El naranja libra una batalla singular. Desde el sur del tapiz llega un brochazo fuerte, nutrido por apoyos persistentes, que amenaza con convertirse en el naranja más visible de la temporada. Su fuerza es tan marcada que podría dejar desteñido al viejo naranja de repetidos brochazos, que poco a poco pierde la viveza en su color, un tono que alguna vez brilló pero que hoy parece gastado, ajado por el tiempo y la repetición. Aunque cuente con la brocha oficial del poder, ese naranja palaciego corre el riesgo de perder intensidad, quedando reducido a un pigmento desvaído frente a la frescura del sur. La contienda, entonces, no es tanto contra otros colores, sino entre los propios naranjas: el nuevo que irrumpe con energía y el antiguo que, pese a sus recursos, se apaga en su desgaste.
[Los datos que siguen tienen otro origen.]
(* Assume that the basis of canonical cycles $(b_1,b_2,a_1,a_2)$ satisfying $a_1^{\mu}=a_2$, $b_1^{\mu}=b_2$ is transformed by a matrix $T\in \mathrm{Sp}(4,\mathbb{Z})$ to another basis $(b'_1,b'_2,a'_1,a'_2)$ satisfying the same relation: $a_1'^{\mu}=a_2'$, $b_1'^{\mu}=b_2'$. Then the action of the matrix $T$ on the matrix of $b$-periods $\mathbf{B}=\frac{1}{2}\begin{pmatrix}\mathbf{x}+\mathbf{y} & \mathbf{x}-\mathbf{y}\\ \mathbf{x}-\mathbf{y} & \mathbf{x}+\mathbf{y}\end{pmatrix}$ gives rise to an action of two elements $\gamma_1,\gamma_2\in\Gamma$, such that $\gamma_1\gamma_2^{-1}\in\Gamma(2)$, on $\mathbf{x}$ and $\mathbf{y}$, respectively. The matrix $T$ is expressed in terms of $\gamma_{1,2}$ as follows: if $\gamma_i=\begin{pmatrix} k_i & l_i\\ m_i & n_i\end{pmatrix}$, $i=1,2$, then $$T=\frac{1}{2}\begin{pmatrix} k_1+k_2 & k_1-k_2 & l_1+l_2 & l_1-l_2\\ k_1-k_2 & k_1+k_2 & l_1-l_2 & l_1+l_2\\ m_1+m_2 & m_1-m_2 & n_1+n_2 & n_1-n_2\\ m_1-m_2 & m_1+m_2 & n_1-n_2 & n_1+n_2\end{pmatrix}.$$
   Context: Consider a genus two curve $y^2=(z^2-1)(z^2-r_1^2)(z^2-r_2^2)$, $r_1,r_2\in\mathbb{C}$, which besides the hyperelliptic involution admits the involution $\mu: z\mapsto -z$. A canonical basis of cycles $(b_1,b_2,a_1,a_2)$ is chosen so that $a_1^{\mu}=a_2$, $b_1^{\mu}=b_2$ (superscript $\mu$ denotes the image of a cycle under $\mu$); in such a basis the matrix of $b$-periods has the form $\mathbf{B}=\frac{1}{2}\begin{pmatrix}\mathbf{x}+\mathbf{y} & \mathbf{x}-\mathbf{y}\\ \mathbf{x}-\mathbf{y} & \mathbf{x}+\mathbf{y}\end{pmatrix}$ with $\mathbf{x},\mathbf{y}$ in the upper half-plane. A matrix $T=\begin{pmatrix}A&B\\C&D\end{pmatrix}\in\mathrm{Sp}(4,\mathbb{Z})$ acting on the vector $(b_1,b_2,a_1,a_2)^t$ acts on the matrix of $b$-periods by $\mathbf{B}\mapsto (A\mathbf{B}+B)(C\mathbf{B}+D)^{-1}$; elements of $\Gamma$ act on the upper half-plane by Möbius transformations. Here $\Gamma=SL(2,\mathbb{Z})$ and $\Gamma(2)$ is the principal congruence subgroup of $\Gamma$ consisting of matrices $\gamma\equiv I \pmod 2$. *)

theory Defs
  imports "HOL-Analysis.Analysis"
begin

text \<open>Indices: type 4 = {0,1,2,3} indexes (b1,b2,a1,a2); type 2 = {0,1}.\<close>

definition hi4 :: "4 \<Rightarrow> bool" where
  "hi4 i \<longleftrightarrow> i = 2 \<or> i = 3"

definition lo4 :: "4 \<Rightarrow> 2" where
  "lo4 i = (if i = 0 \<or> i = 2 then 0 else 1)"

definition block4 :: "'a^2^2 \<Rightarrow> 'a^2^2 \<Rightarrow> 'a^2^2 \<Rightarrow> 'a^2^2 \<Rightarrow> 'a^4^4" where
  "block4 A B C D = (\<chi> i j. (if hi4 i then (if hi4 j then D else C)
                                   else (if hi4 j then B else A)) $ lo4 i $ lo4 j)"

definition blkA :: "'a^4^4 \<Rightarrow> 'a^2^2" where "blkA T = (\<chi> i j. T $ (if i = 0 then 0 else 1) $ (if j = 0 then 0 else 1))"
definition blkB :: "'a^4^4 \<Rightarrow> 'a^2^2" where "blkB T = (\<chi> i j. T $ (if i = 0 then 0 else 1) $ (if j = 0 then 2 else 3))"
definition blkC :: "'a^4^4 \<Rightarrow> 'a^2^2" where "blkC T = (\<chi> i j. T $ (if i = 0 then 2 else 3) $ (if j = 0 then 0 else 1))"
definition blkD :: "'a^4^4 \<Rightarrow> 'a^2^2" where "blkD T = (\<chi> i j. T $ (if i = 0 then 2 else 3) $ (if j = 0 then 2 else 3))"

definition J4 :: "int^4^4" where
  "J4 = block4 0 (mat 1) (- mat 1) 0"

definition Sp4Z :: "(int^4^4) set" where
  "Sp4Z = {T. transpose T ** J4 ** T = J4}"

text \<open>The involution mu on cycles, in coordinates w.r.t. the basis (b1,b2,a1,a2):
  it swaps b1 <-> b2 and a1 <-> a2.\<close>
definition sw4 :: "4 \<Rightarrow> 4" where
  "sw4 i = (if i = 0 then 1 else if i = 1 then 0 else if i = 2 then 3 else 2)"

definition mu_cyc :: "int^4 \<Rightarrow> int^4" where
  "mu_cyc v = (\<chi> i. v $ sw4 i)"

definition SL2Z :: "(int^2^2) set" where
  "SL2Z = {g. det g = 1}"

definition Gamma2 :: "(int^2^2) set" where
  "Gamma2 = {g. g \<in> SL2Z \<and> (\<forall>i j. even (g $ i $ j - mat 1 $ i $ j))}"

definition moeb :: "int^2^2 \<Rightarrow> complex \<Rightarrow> complex" where
  "moeb g z = (of_int (g$0$0) * z + of_int (g$0$1)) / (of_int (g$1$0) * z + of_int (g$1$1))"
En medio de estas tensiones, desfilan los tonos alternativos. Allí aparece una candidata que se anuncia como brote de tierras, pero cuya pincelada carga más polémicas que colores, más sospechas de manchas que promesas de brillo. Otro tono, pintado con ropaje étnico, intenta legitimarse desde la memoria, pero sus trazos se notan dirigidos más por la caja de recursos que por la paleta de ideas: un color que quiere usar un tono ambiental como pincel, aunque el resultado carezca de arte. Y en la periferia, verdes, violetas y grises hacen lo posible por raspar un espacio en la tela, incluso a costa de disfrazarse, diluirse o derramarse. Son brochazos pequeños, dispersos, pero insistentes en su afán de permanecer.
Lo fascinante del espectáculo no está solo en la pugna, sino en el carácter efímero de la obra. Cada color se presenta como definitivo, cada brochazo como imborrable. Y, sin embargo, la experiencia enseña que el tiempo tiene un pincel invisible que relativiza todas las victorias. El azul puede sonar como sinfonía oceánica y aun así desteñirse mañana; el rojo puede dividirse o concentrarse, según sople el viento; el naranja, hoy luminoso en el sur, puede perder brillo; y los alternativos, aunque insistan en entrar, podrían quedar como simples manchas en los márgenes.
El lienzo del Cesar, paciente, no se inmuta. Sabe que cada ciclo repetirá la misma danza de colores. Algunos tonos se desgastarán en luchas internas, otros se multiplicarán en coros, y los alternativos seguirán intentando forjar un lugar en la partitura. Lo único seguro es que, tras cada temporada electoral, lo que parecía definitivo se revelará apenas como un ensayo más de esa gran sinfonía cromática que nunca termina.
El Cesar no es un mural terminado: es un cuadro en movimiento, una paleta en disputa, un arcoíris inconcluso que cada cuatro años vuelve a empezar. Y así, cada brochazo, por intenso que parezca, no es más que un ensayo en esta galería interminable. Porque al final, lo que se pinta en el Cesar no es un cuadro para la eternidad, sino una exposición de temporada. El verdadero dueño del lienzo es el tiempo: ese crítico silencioso que, con una simple lluvia, recuerda a todos los colores que ninguna mancha es imborrable.